Interspecific Hybridization as a Potential Method for Improvement of Agrostis Species

  1. F. C. Belanger *a,
  2. K. A. Plumleya,
  3. P. R. Dayb and
  4. W. A. Meyera
  1. a Dep. of Plant Biology and Pathology, Rutgers Univ., New Brunswick, NJ 08901-8520
    b Biotechnology Center for Agriculture and the Environment, Rutgers Univ., New Brunswick, NJ 08901-8520


Some Agrostis spp., such as A. stolonifera L. (creeping bentgrass), A. capillaris L. (colonial bentgrass), and A. canina L. (velvet bentgrass), are commercially important turfgrass species which are used extensively on golf courses. Development of improved cultivars of these species is the focus of many commercial and academic breeding programs. Interspecific hybridization between Agrostis spp. has not yet been utilized in cultivar development.
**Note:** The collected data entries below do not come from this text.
lemma sum_sym_part_mult:
  assumes "\<And>i j. a i j = a j i"
  shows "(\<Sum>i\<in>UNIV. \<Sum>j\<in>UNIV. sym_part C $ i $ j * a i j) = (\<Sum>i\<in>UNIV. \<Sum>j\<in>UNIV. C $ i $ j * a i j)"
proof -
  have "(\<Sum>i\<in>UNIV. \<Sum>j\<in>UNIV. C $ j $ i * a i j) = (\<Sum>i\<in>UNIV. \<Sum>j\<in>UNIV. C $ i $ j * a i j)"
    using assms by (subst sum.swap) simp
  moreover have "sym_part C $ i $ j * a i j = C $ i $ j * a i j / 2 + C $ j $ i * a i j / 2" for i j
    by (simp add: sym_part_def transpose_def field_simps)
  then have "(\<Sum>i\<in>UNIV. \<Sum>j\<in>UNIV. sym_part C $ i $ j * a i j)
      = (\<Sum>i\<in>UNIV. \<Sum>j\<in>UNIV. C $ i $ j * a i j) / 2 + (\<Sum>i\<in>UNIV. \<Sum>j\<in>UNIV. C $ j $ i * a i j) / 2"
    by (simp add: sum.distrib sum_divide_distrib)
  ultimately show ?thesis
    by simp
qed

lemma sum_FP_terms_g_multi:
  "(\<Sum>i\<in>UNIV. (\<Sum>j\<in>UNIV. C $ i $ j * x $ j) * g_multi (raise i \<alpha>) x - C $ i $ i * g_multi \<alpha> x
       - (\<Sum>j\<in>UNIV. sym_part C $ i $ j * g_multi (raise i (raise j \<alpha>)) x))
   = (\<Sum>i\<in>UNIV. \<Sum>j\<in>UNIV. C $ i $ j * real (\<alpha> j) * g_multi (lower j (raise i \<alpha>)) x)"
proof -
  have coord: "(\<Sum>j\<in>UNIV. C $ i $ j * x $ j) * g_multi (raise i \<alpha>) x
      = (\<Sum>j\<in>UNIV. C $ i $ j * g_multi (raise i (raise j \<alpha>)) x)
        + (\<Sum>j\<in>UNIV. C $ i $ j * real (\<alpha> j) * g_multi (lower j (raise i \<alpha>)) x) + C $ i $ i * g_multi \<alpha> x" for i
  proof -
    have "C $ i $ j * x $ j * g_multi (raise i \<alpha>) x = C $ i $ j * g_multi (raise i (raise j \<alpha>)) x
        + C $ i $ j * real (\<alpha> j) * g_multi (lower j (raise i \<alpha>)) x
        + (if j = i then C $ i $ i * g_multi \<alpha> x else 0)" for j
      using arg_cong[where f="\<lambda>z. C $ i $ j * z", OF vec_nth_mult_g_multi[of x j "raise i \<alpha>"]]
      by (cases "j = i") (auto simp: raise_apply raise_commute algebra_simps)
    then show ?thesis
      by (simp add: sum_distrib_right sum.distrib)
  qed
  have "(\<Sum>i\<in>UNIV. \<Sum>j\<in>UNIV. sym_part C $ i $ j * g_multi (raise i (raise j \<alpha>)) x)
      = (\<Sum>i\<in>UNIV. \<Sum>j\<in>UNIV. C $ i $ j * g_multi (raise i (raise j \<alpha>)) x)"
    by (rule sum_sym_part_mult) (simp add: raise_commute)
  then show ?thesis
    by (simp add: coord sum.distrib sum_subtractf raise_commute)
qed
Here we have investigated the frequency of interspecific hybridization between transgenic creeping bentgrass and four related Agrostis spp. using transmission of a herbicide resistance gene as a marker to identify the hybrids. Interspecific hybrids were recovered with all four Agrostis spp. used, although the frequency was lower than the frequency of selfing. The hybrids were found to be fertile. Our results suggest that interspecific hybridization may be a useful approach in future Agrostis breeding, but will benefit from a screening method to distinguish the hybrids from the selfs.